• _THE PROBLEM_:
Among the records below, find the line that has "(metis closure_closure closure_mono)"; from there, give the lines again exactly, and stop after the line that has "obtains X where".

• _MATERIAL PROVIDED_:
::::::::

lemma open_dense_shadow:
  fixes V :: "(real^2) set" and \<beta> :: "real set"
  assumes V: "open V" "closure V = UNIV" and \<beta>: "open \<beta>" "\<beta> \<noteq> {}"
  shows "open {a. \<exists>y\<in>\<beta>. vector [a, y] \<in> V}" and "closure {a. \<exists>y\<in>\<beta>. vector [a, y] \<in> V} = UNIV"
proof -
  have "{a. \<exists>y\<in>\<beta>. vector [a, y] \<in> V} = (\<Union>y\<in>\<beta>. (\<lambda>a. vector [a, y]) -` V)" by auto
  then show "open {a. \<exists>y\<in>\<beta>. vector [a, y] \<in> V}"
    using V(1) by (auto intro!: open_UN open_vimage continuous_on_vector_2)
  have "a \<in> closure {a. \<exists>y\<in>\<beta>. vector [a, y] \<in> V}" for a
    unfolding closure_approachable
  proof (intro allI impI)
    fix e :: real assume "e > 0"
    define R :: "(real^2) set" where "R = (\<lambda>x. x $ 1) -` ball a e \<inter> (\<lambda>x. x $ 2) -` \<beta>"
    have "open R" unfolding R_def using \<beta>(1) by (intro open_Int open_vimage_vec_nth) auto
    moreover obtain y where "y \<in> \<beta>" using \<beta>(2) by blast
    then have "vector [a, y] \<in> R" using \<open>e > 0\<close> unfolding R_def by simp
    ultimately have "R \<inter> V \<noteq> {}" using V(2) open_Int_closure_eq_empty[of R V] by auto
    then obtain x where x: "x \<in> R" "x \<in> V" by blast
    have "vector [x $ 1, x $ 2] = x" by (simp add: vec_eq_iff forall_2)
    then have "x $ 1 \<in> {a. \<exists>y\<in>\<beta>. vector [a, y] \<in> V}"
      using x unfolding R_def by (intro CollectI bexI[of _ "x $ 2"]) auto
    moreover have "dist (x $ 1) a < e" using x(1) unfolding R_def by (simp add: dist_commute)
    ultimately show "\<exists>a'\<in>{a. \<exists>y\<in>\<beta>. vector [a, y] \<in> V}. dist a' a < e" by blast
  qed
  then show "closure {a. \<exists>y\<in>\<beta>. vector [a, y] \<in> V} = UNIV" by blast
qed

lemma subset_closure_if_meets_basis:
  assumes \<B>: "topological_basis \<B>" and J: "open J"
    and meets: "\<And>\<beta>. \<beta> \<in> \<B> \<Longrightarrow> \<beta> \<subseteq> J \<Longrightarrow> \<beta> \<noteq> {} \<Longrightarrow> \<beta> \<inter> S \<noteq> {}"
  shows "J \<subseteq> closure S"
proof
  fix x assume "x \<in> J"
  show "x \<in> closure S"
    unfolding closure_iff_nhds_not_empty
  proof (intro allI impI)
    fix A T assume "T \<subseteq> A" "open T" "x \<in> T"
    then obtain \<beta> where "\<beta> \<in> \<B>" "x \<in> \<beta>" "\<beta> \<subseteq> T \<inter> J"
      using topological_basisE[OF \<B>, of "T \<inter> J" x] J \<open>x \<in> J\<close> by blast
    then show "S \<inter> A \<noteq> {}" using meets[of \<beta>] \<open>T \<subseteq> A\<close> by blast
  qed
qed

lemma vector_2_in_ball:
  fixes z :: "real^2"
  assumes "a \<in> ball (z $ 1) (r/2)" "b \<in> ball (z $ 2) (r/2)"
  shows "vector [a, b] \<in> ball z r"
proof -
  have "norm (vector [a, b] - z) \<le> \<bar>(vector [a, b] - z) $ 1\<bar> + \<bar>(vector [a, b] - z) $ 2\<bar>"
    using norm_le_l1_cart[of "vector [a, b] - z"] by (simp add: sum_2)
  also have "\<dots> < r" using assms by (simp add: dist_real_def abs_minus_commute)
  finally show ?thesis by (simp add: dist_norm norm_minus_commute)
qed

lemma open_Int_dense_gdelta_section:
  fixes \<V> :: "(real^2) set set"
  assumes \<B>: "topological_basis \<B>" and J: "open J" "J \<noteq> {}" and \<V>: "countable \<V>" "\<forall>V\<in>\<V>. open V"
    and hits: "\<And>V \<beta>. V \<in> \<V> \<Longrightarrow> \<beta> \<in> \<B> \<Longrightarrow> \<beta> \<subseteq> J \<Longrightarrow> \<beta> \<noteq> {} \<Longrightarrow> \<exists>y\<in>\<beta>. vector [a, y] \<in> V"
  shows "open_Int_dense_gdelta (J \<inter> \<Inter>((\<lambda>V. {b. vector [a, b] \<in> V} \<union> - closure J) ` \<V>))"
  unfolding open_Int_dense_gdelta_def
proof (intro exI conjI ballI)
  fix X assume "X \<in> (\<lambda>V. {b. vector [a, b] \<in> V} \<union> - closure J) ` \<V>"
  then obtain V where V: "V \<in> \<V>" "X = {b. vector [a, b] \<in> V} \<union> - closure J" by blast
  have "open {b. vector [a, b] \<in> V}"
    using open_vimage[OF _ continuous_on_vector_2(1), of V a] \<V>(2) V(1) by (simp add: vimage_def)
  then show "open X" unfolding V(2) by (intro open_Un open_Compl closed_closure)
  have "J \<subseteq> closure {b. vector [a, b] \<in> V}"
    using hits[OF V(1)] by (intro subset_closure_if_meets_basis[OF \<B> J(1)]) blast
  then have "closure J \<subseteq> closure {b. vector [a, b] \<in> V}" by (metis closure_closure closure_mono)
  then show "closure X = UNIV" unfolding V(2) closure_Un using closure_subset[of "- closure J"] by blast
qed (use J \<V> in auto)

(* Kuratowski-Ulam for a single set: a is good if over every basic interval of J the vertical
   line through a meets every dense open V of W, and the good a form a set of the same kind. *)
lemma open_Int_dense_gdelta_sections:
  fixes W :: "(real^2) set"
  assumes "open_Int_dense_gdelta W"
  obtains X where "open_Int_dense_gdelta X"
    "\<And>a. a \<in> X \<Longrightarrow> \<exists>Y. open_Int_dense_gdelta Y \<and> Y \<subseteq> {b. vector [a, b] \<in> W}"
proof -
  from assms obtain U \<V> where UV: "open U" "U \<noteq> {}" "countable \<V>"
    "\<forall>V\<in>\<V>. open V \<and> closure V = UNIV" "W = U \<inter> \<Inter>\<V>"
    unfolding open_Int_dense_gdelta_def by auto
  obtain z where "z \<in> U" using UV(2) by blast
  then obtain r where r: "r > 0" "ball z r \<subseteq> U" using UV(1) open_contains_ball by blast
  define I where "I = ball (z $ 1) (r/2)"
  define J where "J = ball (z $ 2) (r/2)"
  have IJ: "vector [a, b] \<in> U" if "a \<in> I" "b \<in> J" for a b
    using vector_2_in_ball[of a z r b] that r(2) unfolding I_def J_def by blast
  obtain \<B> :: "real set set" where \<B>: "countable \<B>" "topological_basis \<B>"
    using ex_countable_basis by blast
  define shadows where "shadows = (\<lambda>(V, \<beta>). {a. \<exists>y\<in>\<beta>. vector [a, y] \<in> V}) ` (\<V> \<times> {\<beta>\<in>\<B>. \<beta> \<subseteq> J \<and> \<beta> \<noteq> {}})"
  have "open_Int_dense_gdelta (I \<inter> \<Inter>shadows)"
    unfolding open_Int_dense_gdelta_def
  proof (intro exI conjI ballI)
    fix S assume "S \<in> shadows"
    then obtain V \<beta> where V\<beta>: "V \<in> \<V>" "\<beta> \<in> \<B>" "\<beta> \<noteq> {}" "S = {a. \<exists>y\<in>\<beta>. vector [a, y] \<in> V}"
      unfolding shadows_def by auto
    have "open \<beta>" using \<B>(2) V\<beta>(2) by (rule topological_basis_open)
    then show "open S" "closure S = UNIV"
      using open_dense_shadow[of V \<beta>] UV(4) V\<beta> by auto
  qed (use r UV(3) \<B>(1) in \<open>auto simp: I_def shadows_def\<close>)
  moreover have "\<exists>Y. open_Int_dense_gdelta Y \<and> Y \<subseteq> {b. vector [a, b] \<in> W}" if a: "a \<in> I \<inter> \<Inter>shadows" for a
  proof (intro exI conjI)
    show "open_Int_dense_gdelta (J \<inter> \<Inter>((\<lambda>V. {b. vector [a, b] \<in> V} \<union> - closure J) ` \<V>))"
      using UV(3,4) a r(1) \<B>(2) unfolding shadows_def J_def
      by (intro open_Int_dense_gdelta_section) auto
    show "J \<inter> \<Inter>((\<lambda>V. {b. vector [a, b] \<in> V} \<union> - closure J) ` \<V>) \<subseteq> {b. vector [a, b] \<in> W}"
      using IJ a closure_subset[of J] unfolding UV(5) by blast
  qed
  ultimately show ?thesis using that by blast
qed

lemma open_Int_dense_gdelta_no_small_cover:
  fixes W :: "(real^2) set"
  assumes "open_Int_dense_gdelta W"
  shows "no_small_cover W"
proof -
  obtain X where X: "open_Int_dense_gdelta X"
    "\<And>a. a \<in> X \<Longrightarrow> \<exists>Y. open_Int_dense_gdelta Y \<and> Y \<subseteq> {b. vector [a, b] \<in> W}"
    using open_Int_dense_gdelta_sections[OF assms(1)] by blast
  show ?thesis
  proof (rule no_small_cover_if_sections)
    show "\<not> less_continuum X" using X(1) by (rule open_Int_dense_gdelta_not_less_continuum)
    show "\<not> less_continuum {b. vector [a, b] \<in> W}" if "a \<in> X" for a
      using X(2)[OF that] open_Int_dense_gdelta_not_less_continuum less_continuum_subset by blast
  qed
qed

::::::::

• _ANSWER SECTION_:
  then have "closure J \<subseteq> closure {b. vector [a, b] \<in> V}" by (metis closure_closure closure_mono)
  then show "closure X = UNIV" unfolding V(2) closure_Un using closure_subset[of "- closure J"] by blast
qed (use J \<V> in auto)

(* Kuratowski-Ulam for a single set: a is good if over every basic interval of J the vertical
   line through a meets every dense open V of W, and the good a form a set of the same kind. *)
lemma open_Int_dense_gdelta_sections:
  fixes W :: "(real^2) set"
  assumes "open_Int_dense_gdelta W"
  obtains X where "open_Int_dense_gdelta X"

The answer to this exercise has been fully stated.